A gunshot rang out just as Nico was sliding the first tray into the oven. The sharp crack made his arm jerk. Tomatoes spilled to the floor.
“Shit!” Hunting season wasn’t opening for another week, but some hotheads were too eager for boar meat to follow the law. Aldo Ferri, his landlord, had warned him about the boars showing up en masse now that the vineyards were loaded with ripe grapes. The farmhouse Nico was renting was close to a dense growth of trees, the beasts’ favorite habitat. They were mean, ugly animals who could grow to weigh over two hundred pounds. Aldo had suggested Nico pick up a hunting rifle to be on the safe side. No, thanks—he was through with guns of any kind. Last night was the first time he’d heard gunshots. They’d come in short, distant bursts. This one had been much closer.
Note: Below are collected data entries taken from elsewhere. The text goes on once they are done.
lemma inner_diff_decay:
  assumes weights_le: "\<And>k j s. w k j s \<le> K"
    and "i < N" "j < N" "norm v \<le> 1" "a \<le> tb" "tb \<le> t" "t \<le> b"
  shows "inner (x i t - x j t) v
      \<le> exp (- K * (t - tb)) * inner (x i tb - x j tb) v + (1 - exp (- K * (t - tb))) * diam N x a"
proof -
  define E where "E = exp (- K * (t - tb))"
  have "0 \<le> K"
    using weights_nonneg[of 0 0 0] weights_le[of 0 0 0] by linarith
  then have "E \<le> 1"
    unfolding E_def using \<open>tb \<le> t\<close> by simp
  have "{..<N} \<noteq> {}"
    using \<open>i < N\<close> by auto
  obtain p where "p < N" and p_max: "\<And>k. k < N \<Longrightarrow> inner (x k a) v \<le> inner (x p a) v"
    using finite_obtain_maximizer[OF finite_lessThan \<open>{..<N} \<noteq> {}\<close>, of "\<lambda>k. inner (x k a) v"]
    by auto
  obtain q where "q < N" and q_max: "\<And>k. k < N \<Longrightarrow> inner (x k a) (- v) \<le> inner (x q a) (- v)"
    using finite_obtain_maximizer[OF finite_lessThan \<open>{..<N} \<noteq> {}\<close>, of "\<lambda>k. inner (x k a) (- v)"]
    by auto
  have "inner (x i t) v - inner (x p a) v \<le> E * (inner (x i tb) v - inner (x p a) v)"
    unfolding E_def using assms p_max by (intro inner_decay_to_upper_bound) auto
  moreover have "inner (x j t) (- v) - inner (x q a) (- v) \<le> E * (inner (x j tb) (- v) - inner (x q a) (- v))"
    unfolding E_def using assms q_max by (intro inner_decay_to_upper_bound) auto
  ultimately have "inner (x i t - x j t) v \<le> E * inner (x i tb - x j tb) v + (1 - E) * inner (x p a - x q a) v"
    by (simp add: inner_diff_left algebra_simps)
  also have "\<dots> \<le> E * inner (x i tb - x j tb) v + (1 - E) * diam N x a"
    using \<open>E \<le> 1\<close> \<open>p < N\<close> \<open>q < N\<close> \<open>norm v \<le> 1\<close>
    by (intro add_left_mono mult_left_mono inner_diff_le_diam) auto
  finally show ?thesis
    unfolding E_def .
qed

end
(* Let $k$ be an algebraically closed field and $R=k[x_0,x_1,x_2]$. Let $r\geq 2$ and let $d_1\geq d_2\geq\cdots\geq d_r\geq 1$ be integers, $d=d_1+\cdots+d_r$, $D=\sum_{1\leq i<j\leq r}d_id_j$. Let $F=F_1\cdots F_r$ be a general product of forms $F_i\in R_{d_i}$, and let $I_F\subset R$ be the ideal generated by $F/F_1,\dots,F/F_r$. Then the Hilbert function of $R/I_F$ satisfies: (i) $H(R/I_F,j)=D$ for all $j\geq d-2$; (ii) for $j\leq d-1$, $$H(R/I_F,j)=\binom{j+2}{2}-\sum_{i=1}^r\binom{\max\{j-d+d_i,\,-1\}+2}{2}.$$
   Context: Here "general" means $[F]$ is a general point of the variety $\mathbb{X}_{2,\lambda}\subset\mathbb{P}(R_d)$ of forms of degree $d$ that factor as a product of forms of degrees $d_1,\dots,d_r$. $H(R/I_F,j)=\dim_k (R/I_F)_j$. *)

theory Defs
  imports Main "HOL-Computational_Algebra.Polynomial" "HOL-Library.Poly_Mapping" "HOL-Library.Function_Algebras"
begin

text \<open>Polynomials in R = k[x0,x1,x2] are represented by their coefficient
functions on exponent triples (a,b,c) (the monomial x0^a x1^b x2^c);
genuine polynomials are the finitely supported ones.\<close>

type_synonym mon = "nat \<times> nat \<times> nat"
type_synonym 'a pol3 = "mon \<Rightarrow> 'a"

definition mdeg :: "mon \<Rightarrow> nat" where
  "mdeg m = (case m of (a, b, c) \<Rightarrow> a + b + c)"

definition below :: "mon \<Rightarrow> mon set" where
  "below m = (case m of (a, b, c) \<Rightarrow> {0..a} \<times> {0..b} \<times> {0..c})"

definition msub :: "mon \<Rightarrow> mon \<Rightarrow> mon" where
  "msub m p = (case m of (a, b, c) \<Rightarrow> case p of (a', b', c') \<Rightarrow> (a - a', b - b', c - c'))"

definition is_poly :: "'a::zero pol3 \<Rightarrow> bool" where
  "is_poly f \<longleftrightarrow> finite {m. f m \<noteq> 0}"

definition pmul :: "'a::comm_ring_1 pol3 \<Rightarrow> 'a pol3 \<Rightarrow> 'a pol3" where
  "pmul f g = (\<lambda>m. \<Sum>p\<in>below m. f p * g (msub m p))"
Only one shot. If this guy was after boar, he must be a damned good marksman. A wounded boar would spare no one.
Nico stared down at the tomatoes on the floor. Some had landed on his shoes. Hell, what was the rule? Thirty seconds? A minute? Well, Rita would have to forgive him. He’d swept the kitchen two days ago, and he needed every single tomato for the dish Tilde was letting him cook at the restaurant tonight.
With the tomatoes back in the oven to roast, it was time to enjoy the rest of this new morning. Nico ground some more coffee beans, put the moka over a low flame, cut two slices of bread, and filled them with thin slices of mortadella and a sheep’s milk caciotta. Probably a lot more calories than two whole wheat cornetti, but not caring about that was one of his new freedoms. He put his coffee and the sandwich on a tray, shrugged on a Mets sweatshirt, and stepped out to the best part of the house: an east-facing balcony overlooking part of the Ferriello vineyards and the low hills beyond.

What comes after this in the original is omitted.